Archimidis Fotopoulos, index researcher per Lgim, si chiede se, ad esempio, il fattore Quality (azioni di elevata qualità nei bilanci) esprima un prezzo che vale la pena pagare. Ne è convinto Warren Buffett, che sostiene che è preferibile pagare un prezzo equo per un’azione stupenda, piuttosto che strappare un prezzo ottimo per una società mediocre.
Secondo l’esperto, è risaputo che le strategie che si concentrano sulle azioni delle società di qualità sono tipicamente da valutare nel lungo termine, ed hanno caratteristiche considerabili difensive. Queste includono drawdown potenzialmente più bassi, che possono essere spiegati dalla fuga verso la qualità degli investitori in contesti di elevata incertezza, che spostano le loro allocazioni verso società più stabili e a basso rischio ovvero con modelli di business solidi che si dimostrano resilienti durante i periodi di flessione del mercato o di rallentamento economico.
Negli ultimi due decenni questa strategia ha, in effetti, dato i suoi frutti, secondo Fotopoulos: tre strategie di qualità statunitensi basate su regole hanno tutte registrato una sovraperformance rispetto a un indice a media e grande capitalizzazione ampiamente seguito dagli investitori. Le strategie basate sui fattori di qualità possono, però, spesso essere più costose delle strategie broad market o value (azioni a sconto sui fondamentali); quindi, una sfida per gli investitori è quella di individuare azioni di società di qualità ma al tempo stesso a buon mercato. Il premio per la qualità è ciclico, e così la sua valutazione.

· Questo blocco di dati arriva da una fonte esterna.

(* Let $k$ be a field with char $k\neq 2$ and $K=k(\sqrt{a})$ be a separable quadratic field extension of $k$ with $a \in k$. Write ${\rm Gal}(K/k)= \langle \sigma \rangle$ and extend the action of $\sigma$ to the rational function field $K(x,y)$ by $\sigma: \sqrt{a} \mapsto -\sqrt{a},\ x \mapsto x,\ y\mapsto \frac{f(x)}{y}$, where $f(x)\in k[x]\setminus \{0\}$. Then the fixed field $K(x,y)^{\langle\sigma\rangle}$ is $k$-isomorphic to the field $k(x, t_1, t_2)$ with the relation $t_1^2-at_2^2=f(x)$. Conversely, if $L_0=k(x, t_1, t_2)$ is a field extension of $k$ satisfying ${\rm trdeg}_k(L_0)=2$ and $t_1^2-at_2^2=f(x)$, a non-zero polynomial in $k[x]$, then $L_0$ is $k$-isomorphic to the fixed subfield $k(\sqrt{a})(x,y)^{\langle\sigma\rangle}$ where $\sigma$ acts by $\sqrt{a} \mapsto -\sqrt{a},\ x \mapsto x,\ y\mapsto \frac{f(x)}{y}$.
   Context: $K(x,y)^{\langle\sigma\rangle}=\{u\in K(x,y):\sigma(u)=u\}$ denotes the fixed subfield. *)

theory Defs
  imports "HOL-Computational_Algebra.Polynomial"
begin

definition is_subfield :: "'a::field set \<Rightarrow> bool" where
  "is_subfield S \<longleftrightarrow> 0 \<in> S \<and> 1 \<in> S \<and>
     (\<forall>u\<in>S. \<forall>v\<in>S. u + v \<in> S \<and> u * v \<in> S) \<and>
     (\<forall>u\<in>S. - u \<in> S \<and> inverse u \<in> S)"

definition gen_field :: "'a::field set \<Rightarrow> 'a set" where
  "gen_field A = \<Inter> {S. is_subfield S \<and> A \<subseteq> S}"

definition field_emb :: "('k::field \<Rightarrow> 'a::field) \<Rightarrow> bool" where
  "field_emb \<iota> \<longleftrightarrow> (\<forall>u v. \<iota> (u + v) = \<iota> u + \<iota> v) \<and>
     (\<forall>u v. \<iota> (u * v) = \<iota> u * \<iota> v) \<and> \<iota> 1 = 1"

definition alg_indep :: "'a::field set \<Rightarrow> 'a set \<Rightarrow> bool" where
  "alg_indep F B \<longleftrightarrow> finite B \<and>
     (\<forall>(M :: ('a \<Rightarrow> nat) set) c. finite M \<and> (\<forall>m\<in>M. \<forall>b. b \<notin> B \<longrightarrow> m b = 0) \<and>
        (\<forall>m\<in>M. c m \<in> F) \<and> (\<Sum>m\<in>M. c m * (\<Prod>b\<in>B. b ^ m b)) = 0
        \<longrightarrow> (\<forall>m\<in>M. c m = 0))"

definition algebraic_over :: "'a::field set \<Rightarrow> 'a \<Rightarrow> bool" where
  "algebraic_over S e \<longleftrightarrow> (\<exists>p. p \<noteq> 0 \<and> (\<forall>i. coeff p i \<in> S) \<and> poly p e = 0)"

definition trdeg_eq :: "'a::field set \<Rightarrow> 'a set \<Rightarrow> nat \<Rightarrow> bool" where
  "trdeg_eq F E n \<longleftrightarrow> (\<exists>B. B \<subseteq> E \<and> finite B \<and> card B = n \<and> alg_indep F B \<and>
       (\<forall>e\<in>E. algebraic_over (gen_field (F \<union> B)) e))"

definition k_iso :: "('k \<Rightarrow> 'a::field) \<Rightarrow> 'a set \<Rightarrow> ('k \<Rightarrow> 'b::field) \<Rightarrow> 'b set \<Rightarrow> bool" where
  "k_iso j A i B \<longleftrightarrow> (\<exists>\<phi>. bij_betw \<phi> A B \<and>
      (\<forall>u\<in>A. \<forall>v\<in>A. \<phi> (u + v) = \<phi> u + \<phi> v \<and> \<phi> (u * v) = \<phi> u * \<phi> v) \<and>
      (\<forall>c. \<phi> (j c) = i c))"

end

theory Submission
  imports Defs
begin

text \<open>Put \<open>F = f(x)\<close>. The elements \<open>t\<^sub>1 = (y + F/y)/2\<close> and
  \<open>t\<^sub>2 = (y - F/y)/(2\<surd>a)\<close> are \<open>\<sigma>\<close>-invariant (\<open>\<sigma>\<close> swaps \<open>y\<close> and \<open>F/y\<close> and negates
  \<open>\<surd>a\<close>), satisfy \<open>t\<^sub>1\<^sup>2 - a t\<^sub>2\<^sup>2 = F\<close>, and \<open>y = t\<^sub>1 + \<surd>a t\<^sub>2\<close>. Hence
  \<open>K(x, y) = k(x, t\<^sub>1, t\<^sub>2)(\<surd>a)\<close>, and an element \<open>p + \<surd>a q\<close> with \<open>p, q \<in> k(x, t\<^sub>1, t\<^sub>2)\<close>
  is fixed only if \<open>q = 0\<close>: the fixed field is \<open>k(x, t\<^sub>1, t\<^sub>2)\<close>. Here \<open>x, t\<^sub>1\<close> are
  algebraically independent, and \<open>t\<^sub>2\<close> is a square root of \<open>(t\<^sub>1\<^sup>2 - F)/a\<close> outside
  \<open>k(x, t\<^sub>1)\<close> because \<open>a\<close> is not a square in \<open>k\<close>.

  Conversely, in \<open>L\<^sub>0 = k(x\<^sub>0, t\<^sub>1, t\<^sub>2)\<close> of transcendence degree 2 the pair \<open>x\<^sub>0, t\<^sub>1\<close>
  must be algebraically independent: otherwise \<open>L\<^sub>0\<close> lies in the fraction field of a finite
  module over a polynomial ring in one variable, and a dimension count shows that any two
  elements of such a field are algebraically dependent. So \<open>k(x\<^sub>0, t\<^sub>1) \<cong> k(x, t\<^sub>1)\<close> as
  rational function fields, and this isomorphism extends to the quadratic extensions by the
  square roots \<open>t\<^sub>2\<close> of corresponding elements.\<close>

lemma gen_field_is_subfield: "is_subfield (gen_field A)"
  unfolding gen_field_def is_subfield_def by auto

lemma gen_field_incl: "A \<subseteq> gen_field A"
  unfolding gen_field_def by auto

lemma gen_field_min: "is_subfield S \<Longrightarrow> A \<subseteq> S \<Longrightarrow> gen_field A \<subseteq> S"
  unfolding gen_field_def by auto

lemma gen_field_mono: "A \<subseteq> B \<Longrightarrow> gen_field A \<subseteq> gen_field B"
  unfolding gen_field_def by auto

context
  fixes S :: "'a::field set"
  assumes S: "is_subfield S"
begin

lemma subfield_0: "0 \<in> S"
  using S unfolding is_subfield_def by auto

lemma subfield_1: "1 \<in> S"
  using S unfolding is_subfield_def by auto

lemma subfield_add: "u \<in> S \<Longrightarrow> v \<in> S \<Longrightarrow> u + v \<in> S"
  using S unfolding is_subfield_def by auto

lemma subfield_mult: "u \<in> S \<Longrightarrow> v \<in> S \<Longrightarrow> u * v \<in> S"
  using S unfolding is_subfield_def by auto

lemma subfield_uminus: "u \<in> S \<Longrightarrow> - u \<in> S"
  using S unfolding is_subfield_def by auto

lemma subfield_inverse: "u \<in> S \<Longrightarrow> inverse u \<in> S"
  using S unfolding is_subfield_def by auto

lemma subfield_diff: "u \<in> S \<Longrightarrow> v \<in> S \<Longrightarrow> u - v \<in> S"
  using subfield_add[of u "- v"] subfield_uminus[of v] by simp

lemma subfield_divide: "u \<in> S \<Longrightarrow> v \<in> S \<Longrightarrow> u / v \<in> S"
  using subfield_mult[of u "inverse v"] subfield_inverse[of v] by (simp add: divide_inverse)

lemma subfield_power: "u \<in> S \<Longrightarrow> u ^ n \<in> S"
  by (induction n) (auto intro: subfield_1 subfield_mult)

lemma subfield_sum: "(\<And>i. i \<in> I \<Longrightarrow> g i \<in> S) \<Longrightarrow> sum g I \<in> S"
  by (induction I rule: infinite_finite_induct) (auto intro: subfield_0 subfield_add)

end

Il grafico mostra che dal 2002 al 2007 i titoli di alta qualità hanno registrato valutazioni più elevate fino alla crisi finanziaria globale del 2008, quando i titoli di qualità sono diventati più interessanti sulla base dei multipli degli utili. Durante la crisi finanziaria del 2008 e la ripresa fino al 2013, è stato possibile ottenere titoli di qualità ancora migliore a prezzi più bassi. Dal 2013, la valutazione dei titoli di qualità è aumentata gradualmente. Come qualsiasi altra strategia fattoriale, la qualità è dinamica nel tempo e riflette le condizioni economiche e di mercato uniche per ogni momento.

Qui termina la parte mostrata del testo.